In the meantime, Braxton began to study law and in October and November 1874 he was a member of a United States paneled jury, and in 1874 he moved to Washington, DC. In June 1875 he received an appointment as a collector at the United States Custom House at Low Cedar Point, Virginia.

==Religious career==
In October 1875 he was baptized by Rev. Silas Miles and on July 9, 1876 he was commissioned to preach the gospel. In December 1878 he was appointed general collecting agent of the consolidated American Baptist Missionary Convention, and moved to Richmond, Virginia. In April, 1879 he moved to Cavalry Baptist church in Baltimore Maryland.
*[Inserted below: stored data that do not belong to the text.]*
lemma raise_step_undo_swap:
  assumes "inj_on x {..<p}" "i < p" "j \<in> heavier p a i" "x j < x i"
    and below_max: "\<And>l. l \<in> heavier p a i \<Longrightarrow> x l < x i \<Longrightarrow> x l \<le> x j"
  shows "raise_step p a i (x \<circ> Transposition.transpose i j) = x"
proof -
  let ?y = "x \<circ> Transposition.transpose i j"
  have j: "j < p" "j \<noteq> i"
    using assms(3) by (auto simp: heavier_def)
  have larger: "\<exists>l\<in>heavier p a i. ?y i < ?y l"
    using assms(3,4) by (intro bexI[of _ j]) auto
  obtain j' where j': "j' \<in> heavier p a i" "?y i < ?y j'"
    and least: "\<And>l. l \<in> heavier p a i \<Longrightarrow> ?y i < ?y l \<Longrightarrow> ?y j' \<le> ?y l"
    and eq: "raise_step p a i ?y = ?y \<circ> Transposition.transpose i j'"
    using raise_step_eq_swap[OF larger] by blast
  have "j' = j"
  proof (rule ccontr)
    assume "j' \<noteq> j"
    moreover have "j' \<noteq> i" "j' < p"
      using j'(1) by (auto simp: heavier_def)
    ultimately have "x j < x j'" "x j' \<le> x i" "x j' \<noteq> x i"
      using j'(2) least[OF assms(3)] assms(1,2,4) j by (auto dest: inj_onD)
    then show False
      using below_max[OF j'(1)] by auto
  qed
  then show ?thesis
    using eq by (simp add: fun_eq_iff)
qed

(* Induction on the number of heavier coordinates below x i: swapping i with the largest of
   them gives a point with fewer such coordinates, from which raise_step leads back to x. *)
lemma raise_step_reaches_from_min:
  assumes v: "inj_on v {..<p}" and i: "i < p" and x: "x \<in> perm_orbit p v"
    and min: "x i = Min (v ` {..<p}) \<or> (\<exists>j\<in>heavier p a i. x j = Min (v ` {..<p}))"
  shows "\<exists>z\<in>perm_orbit p v. z i = Min (v ` {..<p}) \<and> x \<in> range (\<lambda>k. (raise_step p a i ^^ k) z)"
  using x min
proof (induction "card {l \<in> heavier p a i. x l < x i}" arbitrary: x rule: less_induct)
  case less
  let ?m = "Min (v ` {..<p})"
  show ?case
  proof (cases "x i = ?m")
    case True
    then show ?thesis
      using less.prems(1) by (intro bexI[of _ x]) (auto intro: range_eqI[of _ _ 0])
  next
    case False
    then obtain j0 where j0: "j0 \<in> heavier p a i" "x j0 = ?m"
      using less.prems(2) by auto
    have "?m \<le> x i"
      using perm_orbit_image[OF less.prems(1)] i by (intro Min_le) auto
    define B where "B = {l \<in> heavier p a i. x l < x i}"
    have B: "finite B" "j0 \<in> B"
      using finite_heavier False j0 \<open>?m \<le> x i\<close> by (auto simp: B_def)
    obtain j where "j \<in> B" and j_max: "\<And>l. l \<in> B \<Longrightarrow> x l \<le> x j"
      using Max_in[of "x ` B"] Max_ge[of "x ` B"] B by fastforce
    then have j: "j \<in> heavier p a i" "x j < x i" "j < p" "j \<noteq> i"
      by (auto simp: B_def heavier_def)
    define y where "y = x \<circ> Transposition.transpose i j"
    have y_orbit: "y \<in> perm_orbit p v"
      unfolding y_def using less.prems(1) i j(3) by (rule perm_orbit_swap)
    have "{l \<in> heavier p a i. y l < y i} \<subseteq> B - {j}"
      using j by (auto simp: y_def B_def heavier_def Transposition.transpose_def)
    then have fewer: "card {l \<in> heavier p a i. y l < y i} < card {l \<in> heavier p a i. x l < x i}"
      unfolding B_def[symmetric] using B \<open>j \<in> B\<close> by (meson card_Diff1_less card_mono finite_Diff le_less_trans)
    have "y i = ?m \<or> (\<exists>l\<in>heavier p a i. y l = ?m)"
    proof (cases "j = j0")
      case True
      then show ?thesis
        using j0 by (simp add: y_def)
    next
      case False
      then have "y j0 = ?m"
        using j0 j by (auto simp: y_def heavier_def Transposition.transpose_def)
      then show ?thesis
        using j0(1) by blast
    qed
    then obtain z k where z: "z \<in> perm_orbit p v" "z i = ?m" "y = (raise_step p a i ^^ k) z"
      using less.hyps[OF fewer y_orbit] by blast
    have "raise_step p a i y = x"
      unfolding y_def using perm_orbit_inj_on[OF less.prems(1) v] i j(1,2)
      by (rule raise_step_undo_swap) (use j_max in \<open>auto simp: B_def\<close>)
    then have "x = (raise_step p a i ^^ Suc k) z"
      using z(3) by simp
    then show ?thesis
      using z(1,2) by blast
  qed
qed

definition raise_chain :: "nat \<Rightarrow> (nat \<Rightarrow> real) \<Rightarrow> nat \<Rightarrow> (nat \<Rightarrow> real) \<Rightarrow> (nat \<Rightarrow> real) set" where
  "raise_chain p a i z =
     range (\<lambda>k. (raise_step p a i ^^ k) z) \<union> range (\<lambda>k. (raise_step p (- a) i ^^ k) z)"

lemma inj_on_lin_form_raise_chain:
  assumes "i < p"
  shows "inj_on (lin_form p a) (raise_chain p a i z)"
  unfolding raise_chain_def
proof (rule inj_on_funpow_descent_ascent)
  show "lin_form p a (raise_step p a i x) < lin_form p a x \<or> raise_step p a i x = x" for x
    using assms by (rule lin_form_raise_step)
  show "lin_form p a x < lin_form p a (raise_step p (- a) i x) \<or> raise_step p (- a) i x = x" for x
    using lin_form_raise_step[OF assms, of "- a" x] by (simp add: lin_form_uminus)
qed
He was ordained on June 6 and officially became the church's pastor on June 8, 1879. He was very successful at Calvary, building from a congregation of ten who met in borrowed space to a large congregation with a newly built church located at Park, Howard, and Biddle.

Braxton was a member of the Virginia State Baptist Convention, the New England Baptist Missionary Convention, and the Brotherhood of Liberty. He was an outspoken advocate for civil rights, for the education of African American children, and for the hiring of black teachers. In February 1892, the Baptist Ministers' Conference, a group dominated by white clergymen, expelled Braxton from their conference, a move which was strongly criticized by Braxton's congregation. That year, Braxton met with president Benjamin Harrison to discuss the violence against blacks in the south. When the president stated he could not act, Braxton spoke out at the State Convention of Colored Baptists protesting against the lack of constitutional power to defend the rights of blacks. Braxton retired in 1899.

==Family and death==
On October 18, 1881 he married Katie Bannister of Baltimore. Braxton died on March 7, 1900. His funeral was at Temple Baptist Church, which was formerly known as Calvary, where he was pastor.